The novel’s title alludes to the filmmaker Alfred Hitchcock’s love of arbitrary narrative contrivances to keep his plots moving, and as such it underscores the absurdity of Druff’s “pointless odyssey.” In a life, and a novel, filled with non sequiturs, Druff compensates for life’s indignities by imagining plots in which he figures prominently, especially plots to dethrone, or decommission him. In this way, he salvages some measure of dignity from his otherwise clownish life. Although The MacGuffin is wildly funny, it is Druff’s fears and frustrations, along with a sense of personal injustice, that drive both the novel’s streets commissioner and Elkin’s high-energy prose.
Other works
The same combination of fear, frustration, rage, and revenge figures prominently in the three novellas that make up Van Gogh’s Room at Arles. In Her Sense of Timing, the wife of a suffering but insufferable wheelchair-bound professor of geography leaves him at a particularly inopportune moment. In the title novella, a small-time college teacher wins a foundation grant only to find that entry into the select company of academic powerhouses makes him feel even more unworthy and resentful. The third novella features an English working-class girl snubbed by the royal family. She reveals all to a British tabloid in Town Crier Exclusive, Confessions of a Princess Manqué: “How Royals Found Me ’Unsuitable’ to Marry Their Larry.”

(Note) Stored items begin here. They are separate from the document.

(* Let $n$ be a positive integer (large enough that the partitions below are partitions of $n$). Then: (1) $\langle\psi_{(n)},s_{(1^n)}\rangle=\langle\psi_{(n-2,2)},s_{(1^n)}\rangle$ equals the number of self-conjugate partitions of $n$; (2) $\langle\psi_{(n-1,1)},s_{(1^n)}\rangle=\langle\psi_{(n)},s_{(1^n)}\rangle+(-1)^n$; (3) $\langle\psi_{(n-2,1^2)},s_{(1^n)}\rangle=\langle\psi_{(n)},s_{(1^n)}\rangle-(-1)^n$; (4) $\langle\psi_{(n-3,3)},s_{(1^n)}\rangle=\langle\psi_{(n)},s_{(1^n)}\rangle$; (5) $\langle\psi_{(2^k,1^{n-2k})},s_{(1^n)}\rangle=(-1)^k+\langle\psi_{(2^{k-1},1^{n-2k+2})},s_{(1^n)}\rangle$ for $1\le k\le\lfloor n/2\rfloor$; (6) $\langle\psi_{(3,1^{n-3})},s_{(1^n)}\rangle=1+\langle\psi_{(2^k,1^{n-2k})},s_{(1^n)}\rangle$ where $k=\lfloor n/2\rfloor$.
   Context: $p_\lambda=\prod_ip_{\lambda_i}$ denotes power sums. Reverse lexicographic order on partitions of $n$: for distinct $\lambda,\mu\vdash n$, $\lambda>\mu$ iff $\lambda_j>\mu_j$ at the first index $j$ where they differ; $(1^n)$ is the minimum and $(n)$ the maximum. For $\mu\vdash n$, $\psi_\mu=\sum_{\lambda\vdash n,\ (1^n)\le\lambda\le\mu}p_\lambda$. $\langle\cdot,\cdot\rangle$ is the Hall inner product, for which the Schur functions form an orthonormal basis. *)

theory Defs
  imports Complex_Main
begin

definition is_partition :: "nat list \<Rightarrow> bool" where
  "is_partition lam \<longleftrightarrow> sorted_wrt (\<ge>) lam \<and> (\<forall>x\<in>set lam. 0 < x)"

definition partitions :: "nat \<Rightarrow> nat list set" where
  "partitions n = {lam. is_partition lam \<and> sum_list lam = n}"

definition part :: "nat list \<Rightarrow> nat \<Rightarrow> nat" where
  "part lam j = (if j < length lam then lam ! j else 0)"

definition revlex_less :: "nat list \<Rightarrow> nat list \<Rightarrow> bool" where
  "revlex_less lam mu \<longleftrightarrow>
     (\<exists>j. (\<forall>i<j. part lam i = part mu i) \<and> part lam j < part mu j)"

definition revlex_le :: "nat list \<Rightarrow> nat list \<Rightarrow> bool" where
  "revlex_le lam mu \<longleftrightarrow> lam = mu \<or> revlex_less lam mu"

definition conj_part :: "nat list \<Rightarrow> nat list" where
  "conj_part lam = map (\<lambda>i. length (filter (\<lambda>x. i < x) lam)) [0..<foldr max lam 0]"

text \<open>The power sums p_lam (lam ranging over partitions) form a basis of the
  ring of symmetric functions over Q; a symmetric function is represented by
  its (finitely supported) coefficient function in this basis.\<close>
type_synonym symfun = "nat list \<Rightarrow> rat"

definition p :: "nat list \<Rightarrow> symfun" where
  "p lam = (\<lambda>nu. if nu = lam then 1 else 0)"

definition zee :: "nat list \<Rightarrow> rat" where
  "zee lam = (\<Prod>i\<in>set lam. of_nat (i ^ count_list lam i * fact (count_list lam i)))"

text \<open>Hall inner product: <p_lam, p_mu> = z_lam delta_{lam mu}
  (extended bilinearly; f is assumed finitely supported).\<close>
definition hall :: "symfun \<Rightarrow> symfun \<Rightarrow> rat" where
  "hall f g = (\<Sum>lam\<in>{lam. is_partition lam \<and> f lam \<noteq> 0}. zee lam * f lam * g lam)"

text \<open>Elementary symmetric function e_n = s_(1^n), in the power-sum basis:
  e_n = sum over lam |- n of eps_lam z_lam^-1 p_lam, eps_lam = (-1)^(n - l(lam))
  (Macdonald, I.(2.14')).\<close>
definition schur_col :: "nat \<Rightarrow> symfun" where
  "schur_col n = (\<lambda>nu. \<Sum>lam\<in>partitions n.
      ((-1) ^ (n - length lam) / zee lam) * p lam nu)"

definition psi :: "nat list \<Rightarrow> symfun" where
  "psi mu = (\<lambda>nu. \<Sum>lam\<in>{lam\<in>partitions (sum_list mu). revlex_le lam mu}. p lam nu)"

end

theory Submission
  imports Defs "HOL-Computational_Algebra.Formal_Power_Series"
begin

text \<open>
  Since \<open>\<langle>p\<^sub>\<lambda>, s\<^bsub>(1\<^sup>n)\<^esub>\<rangle> = \<epsilon>\<^sub>\<lambda>\<close>, the pairing
  \<open>\<langle>\<psi>\<^sub>\<mu>, s\<^bsub>(1\<^sup>n)\<^esub>\<rangle>\<close> is the signed count of the partitions
  \<open>\<lambda> \<le> \<mu>\<close>. Splitting off the first part, for \<open>\<mu> = (a, \<mu>')\<close> this is the
  signed count \<open>S(n, a - 1)\<close> of the partitions of \<open>n\<close> with all parts
  \<open>< a\<close>, plus \<open>(-1)\<^bsup>a-1\<^esup>\<close> times the pairing for \<open>\<mu>'\<close>; and
  \<open>S(n, N) = S(n, N - 1) + (-1)\<^bsup>N-1\<^esup> S(n - N, N)\<close>. These two recursions
  settle (2)--(6) by computations with very small partitions.

  For (1), the recursion gives \<open>\<Sum>\<^sub>n S(n, N) q\<^sup>n = \<Prod>\<^sub>k\<^sub>\<le>\<^sub>N 1/(1 - (-1)\<^bsup>k-1\<^esup> q\<^sup>k)\<close>.
  Grouping the factors of \<open>\<Prod>\<^sub>k (1 + (-1)\<^bsup>k-1\<^esup> q\<^sup>k)\<close> in pairs turns it into
  \<open>\<Prod>\<^sub>k (1 + q\<^bsup>2k-1\<^esup>)(1 - q\<^bsup>2k\<^esup>)\<close>, so the generating function of
  \<open>S(n, n)\<close> is \<open>\<Prod>\<^sub>k (1 + q\<^bsup>2k-1\<^esup>)\<close>. The same product counts
  self-conjugate partitions: removing the outer hook of a self-conjugate partition with
  largest part \<open>K + 1\<close> leaves a self-conjugate partition of \<open>n - (2K + 1)\<close> with
  largest part at most \<open>K\<close>. The products are truncated to finitely many factors, which
  leaves the coefficients of \<open>q\<^sup>n\<close> for small \<open>n\<close> unchanged.
\<close>

lemma is_partition_Nil [simp]: "is_partition []"
  by (simp add: is_partition_def)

The combination is also present in Mrs. Ted Bliss, albeit in a different key. Far less pyrotechnic than most of Elkin’s earlier novels, Mrs. Ted Bliss depicts one of Elkin’s most likable (as well as most passive) protagonists. She is a former butcher’s wife, now a widow (widowhood being her occupation), who has traveled from Russia to Chicago only to find herself, in her eighties, virtually imprisoned in a Miami condominium tower. As if caught in a parody of a fairy tale, she is cut off from and fearful of the outside world.
Her losses, particularly that of her husband, leave her in much the same condition the unraveling myelin of Elkin’s own multiple sclerosis left him: exposed, irascible, tragicomically human. Stubbornly, helplessly trapped in her evacuated building as a hurricane approaches, she becomes Elkin’s King Lear on the stormy heath. Where Lear rages, however, she merely waits, in the company of the building’s security guard: a small comfort, but a comfort nonetheless. They do what they can to see each other through the storm. “Everything else falls away,” Elkin writes, brilliantly and elegiacally, at novel’s as well as career’s end: “Family, friends, love fall away. Even madness stilled at last. Until all that’s left is obligation.”
Again and again, Elkin shows his readers the resilience of the human spirit, the ability humans have to cope with the chaos of modern life, the meaninglessness of human values, and the entropy from which cultural systems suffer. The major characters in Elkin’s novels, novellas, and collections of short fiction share the black humorist’s understanding of the condition of modern culture yet ultimately offer a constructive, if not ideal, response. All of his characters share a certain morality, a willingness to admit life’s meaninglessness, but also a necessity of struggling against it with whatever strength they can muster. This almost dignified response in the face of life’s absurdity is Elkin’s particular legacy and is the measure by which his works are best understood.